Question

Think About It It is known that \(y=e^{k t}\) is a solution of the differential equation \(y^{\prime \prime}-16 y=0 .\) Find the values of \(k .\)

Short answer

The values of \(k\) are 4 and -4.

Step-by-step solution

Compute the derivative of \(y\)

The derivative of the function \(y=e^{kt}\) is given by \(y'=ke^{kt}\) and the second derivative is \(y^{\prime \prime} = k^2 e^{kt}\).

Substitute derivatives into the given equation

Substitute the values of \(y\) and \(y^{\prime \prime}\) in the given equation. The equation becomes \(k^2e^{kt} - 16e^{kt} = 0\). Simplifying, we have \(k^2 - 16 = 0\).

Solve for \(k\)

Solve the equation \(k^2 - 16 = 0\). The solutions are \(k = \pm 4\), because \(4^2 = 16\).

Key concepts

Exponential Functions

Exponential functions are a special type of mathematical function where the variable appears in the exponent. The standard form of an exponential function looks like this: \( y = e^{kt} \). Here, \( e \) is a mathematical constant approximately equal to 2.71828. It's known as the base of natural logarithms and is used extensively in calculus and differential equations. Exponential functions are characterized by their rapid rate of growth or decay depending on whether the exponent is positive or negative. They are extremely useful for modeling real-world phenomena like population growth, radioactive decay, and continuously compounded interest rates.
In the context of differential equations, exponential functions often serve as solutions because they maintain their form even after differentiation. This characteristic makes them extremely handy when solving ordinary differential equations (ODEs), especially those with constant coefficients.

Second Derivative

The second derivative of a function gives us insight into the curvature or concavity of the graph of the function. In simpler terms, while the first derivative tells us how fast the function is changing, the second derivative tells us how the rate of change is itself changing. For our given function \( y = e^{kt} \), the first derivative is \( y' = ke^{kt} \) and the second derivative is \( y'' = k^2e^{kt} \).The process of finding a second derivative involves different strategies depending on the initial function. When dealing with exponential functions, as in our exercise, the differentiation process leverages the function's unique property of retaining its form after differentiation. This means that each time we differentiate \( e^{kt} \), we simply multiply by the appropriate power of \( k \).
In our problem, the second derivative is crucial in forming the original differential equation, \( y'' - 16y = 0 \), which lets us solve for \( k \).

Solving Equations

Solving equations, especially differential equations, often involves several steps to find a meaningful solution.

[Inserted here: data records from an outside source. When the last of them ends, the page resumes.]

(* With $\mathcal I_1,\dots,\mathcal I_6$ as defined in the context, the following hold: (i) $\mathcal I_2\mathcal I_3^2-4\mathcal I_4\mathcal I_5-\mathcal I_6^2=0$ identically on $\mathfrak{sl}(3,\mathbb C)$; (ii) $\mathcal I_1,\dots,\mathcal I_5$ are algebraically independent, and this relation generates the ideal of all polynomial relations among $\mathcal I_1,\dots,\mathcal I_6$; (iii) the algebra $R=\mathbb C[\mathcal I_1,\dots,\mathcal I_6]$ decomposes as a direct sum of graded vector spaces $R=\mathbb C[\mathcal I_1,\dots,\mathcal I_5]\oplus\mathcal I_6\,\mathbb C[\mathcal I_1,\dots,\mathcal I_5]$ (a Hironaka decomposition with primary invariants $\mathcal I_1,\dots,\mathcal I_5$ and secondary invariants $1,\mathcal I_6$); (iv) the Hilbert series of $R$ (graded by polynomial degree) is $$H(R,q)=\frac{1+q^3}{(1-q)(1-q^2)^2(1-q^3)^2}.$$
   Context: For $M=(m_{ij})\in\mathfrak{sl}(3,\mathbb C)$ (traceless $3\times3$ complex matrices) define the linear coordinate functions $x_1=m_{12}$, $y_1=m_{21}$, $x_2=m_{23}$, $y_2=m_{32}$, $x_3=m_{13}$, $y_3=m_{31}$, $h_1=m_{11}-m_{22}$, $h_0=\tfrac12(m_{11}+m_{22})-m_{33}$. Define the polynomials $\mathcal I_1=h_0$, $\mathcal I_2=h_1^2+4x_1y_1$, $\mathcal I_3=x_2y_2+x_3y_3$, $\mathcal I_4=h_1y_2y_3+y_1y_2^2-x_1y_3^2$, $\mathcal I_5=h_1x_2x_3+x_1x_2^2-x_3^2y_1$, $\mathcal I_6=h_1(x_2y_2-x_3y_3)-2(y_1y_2x_3+x_1x_2y_3)$. *)

theory Defs
  imports "HOL-Analysis.Analysis" "HOL-Library.Poly_Mapping" "HOL-Library.Function_Algebras"
          "HOL-Computational_Algebra.Formal_Power_Series"
begin

text \<open>sl(3,C): traceless 3x3 complex matrices. Rows/columns indexed by the
  numeral type 3 (index 3 coincides with 0 in that type; this is just a relabelling).\<close>
definition sl3 :: "(complex^3^3) set" where
  "sl3 = {M. M$1$1 + M$2$2 + M$3$3 = 0}"

definition cx1 :: "complex^3^3 \<Rightarrow> complex" where "cx1 M = M$1$2"
definition cy1 :: "complex^3^3 \<Rightarrow> complex" where "cy1 M = M$2$1"
definition cx2 :: "complex^3^3 \<Rightarrow> complex" where "cx2 M = M$2$3"
definition cy2 :: "complex^3^3 \<Rightarrow> complex" where "cy2 M = M$3$2"
definition cx3 :: "complex^3^3 \<Rightarrow> complex" where "cx3 M = M$1$3"
definition cy3 :: "complex^3^3 \<Rightarrow> complex" where "cy3 M = M$3$1"
definition ch1 :: "complex^3^3 \<Rightarrow> complex" where "ch1 M = M$1$1 - M$2$2"
definition ch0 :: "complex^3^3 \<Rightarrow> complex" where "ch0 M = (M$1$1 + M$2$2) / 2 - M$3$3"

definition I1 :: "complex^3^3 \<Rightarrow> complex" where "I1 M = ch0 M"
definition I2 :: "complex^3^3 \<Rightarrow> complex" where "I2 M = ch1 M ^ 2 + 4 * cx1 M * cy1 M"
definition I3 :: "complex^3^3 \<Rightarrow> complex" where "I3 M = cx2 M * cy2 M + cx3 M * cy3 M"
definition I4 :: "complex^3^3 \<Rightarrow> complex" where
  "I4 M = ch1 M * cy2 M * cy3 M + cy1 M * cy2 M ^ 2 - cx1 M * cy3 M ^ 2"
definition I5 :: "complex^3^3 \<Rightarrow> complex" where
  "I5 M = ch1 M * cx2 M * cx3 M + cx1 M * cx2 M ^ 2 - cx3 M ^ 2 * cy1 M"
definition I6 :: "complex^3^3 \<Rightarrow> complex" where
  "I6 M = ch1 M * (cx2 M * cy2 M - cx3 M * cy3 M)
          - 2 * (cy1 M * cy2 M * cx3 M + cx1 M * cx2 M * cy3 M)"

definition Inv :: "nat \<Rightarrow> complex^3^3 \<Rightarrow> complex" where
  "Inv i = (if i = 1 then I1 else if i = 2 then I2 else if i = 3 then I3
            else if i = 4 then I4 else if i = 5 then I5 else if i = 6 then I6 else (\<lambda>_. 0))"

text \<open>Multivariate polynomials over C in variables indexed by nat:
  finitely supported maps from monomials (exponent vectors) to coefficients.\<close>
type_synonym mpoly = "(nat \<Rightarrow>\<^sub>0 nat) \<Rightarrow>\<^sub>0 complex"

definition Var :: "nat \<Rightarrow> mpoly" where
  "Var i = Poly_Mapping.single (Poly_Mapping.single i 1) 1"

definition vars :: "mpoly \<Rightarrow> nat set" where
  "vars p = (\<Union>m\<in>Poly_Mapping.keys p. Poly_Mapping.keys m)"

definition peval :: "(nat \<Rightarrow> complex) \<Rightarrow> mpoly \<Rightarrow> complex" where
  "peval a p = (\<Sum>m\<in>Poly_Mapping.keys p.
       Poly_Mapping.lookup p m * (\<Prod>i\<in>Poly_Mapping.keys m. a i ^ Poly_Mapping.lookup m i))"

definition polyfun :: "mpoly \<Rightarrow> complex^3^3 \<Rightarrow> complex" where
  "polyfun P = (\<lambda>M. if M \<in> sl3 then peval (\<lambda>i. Inv i M) P else 0)"

definition relpoly :: mpoly where
  "relpoly = Var 2 * Var 3 ^ 2 - 4 * Var 4 * Var 5 - Var 6 ^ 2"

definition Ralg :: "(complex^3^3 \<Rightarrow> complex) set" where
  "Ralg = polyfun ` {P. vars P \<subseteq> {1..6}}"

definition Rdeg :: "nat \<Rightarrow> (complex^3^3 \<Rightarrow> complex) set" where
  "Rdeg d = {f \<in> Ralg. \<forall>t::complex. \<forall>M\<in>sl3. f (\<chi> i j. t * M$i$j) = t ^ d * f M}"

definition fscale :: "complex \<Rightarrow> ('a \<Rightarrow> complex) \<Rightarrow> ('a \<Rightarrow> complex)" where
  "fscale c f = (\<lambda>x. c * f x)"

definition hilb :: "nat \<Rightarrow> nat" where
  "hilb d = vector_space.dim fscale (Rdeg d)"

end

theory Submission
  imports Defs
begin

(*
  The argument rests on one geometric
  fact (realize_point): every point (b1,...,b5,c) of the hypersurface
  c^2 = b2*b3^2 - 4*b4*b5 with b4 nonzero is the value of (I1,...,I6) at an
  explicit traceless matrix.  A nonzero polynomial has a non-root (Kronecker
  substitution) and the polynomial ring is an integral domain, so we may choose
  such points generically; this gives (a) the algebraic independence of I1..I5 and
  (b) the directness of C[I1..I5] + I6*C[I1..I5] (evaluate at c and at -c).
  Every polynomial in Y1..Y6 is congruent modulo the relation to A + Y6*B with
  A, B free of Y6; this gives the relation ideal and the spanning half of the
  decomposition.  Finally, I1..I6 are homogeneous of weights 1,2,2,3,3,3, so the
  degree-d component of R has as basis the normal monomials (Y6-degree at most 1)
  of weight d; counting them with generating functions gives the Hilbert series.
*)

section \<open>Evaluation of polynomials\<close>

definition mon :: "(nat \<Rightarrow> complex) \<Rightarrow> (nat \<Rightarrow>\<^sub>0 nat) \<Rightarrow> complex" where
  "mon a m = (\<Prod>i\<in>Poly_Mapping.keys m. a i ^ Poly_Mapping.lookup m i)"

For our differential equation \( y'' - 16y = 0 \), the task is to find the values of \( k \) where the exponential function \( y = e^{kt} \) satisfies the equation. We start by substituting the derivatives we calculated into the equation. This gives us \( k^2e^{kt} - 16e^{kt} = 0 \).Notice how the exponential term \( e^{kt} \) doesn't affect the ability to solve for \( k \) because it's a common factor and never zero for any real number \( t \). We can simplify our equation by dividing both sides by \( e^{kt} \), resulting in \( k^2 - 16 = 0 \). This is now a simple algebraic equation, which can be solved using techniques for quadratic equations. As solutions, we find \( k = \pm 4 \) because \( 4^2 - 16 = 0 \).
Equation solving in mathematics, particularly in calculus, often involves transforming complex equations into simpler forms.

Mathematical Solutions

In mathematics, finding a solution means determining the values of variables that satisfy a given equation. Solutions can be values that solve algebraic equations, integrals, or in the context of differential equations, functions.For the problem \( y'' - 16y = 0 \), the solution is the set of all \( k \) values for which \( y = e^{kt} \) satisfies the equation. Our step-by-step approach leads us to the values \( k = 4 \) and \( k = -4 \). This means both \( e^{4t} \) and \( e^{-4t} \) are valid solutions to the original differential equation.
Finding solutions to differential equations often involves identifying all potential functions that satisfy the equation's conditions. Understanding the type of solution we are seeking, whether it's a specific value or a function form, is crucial to successful problem-solving in mathematics.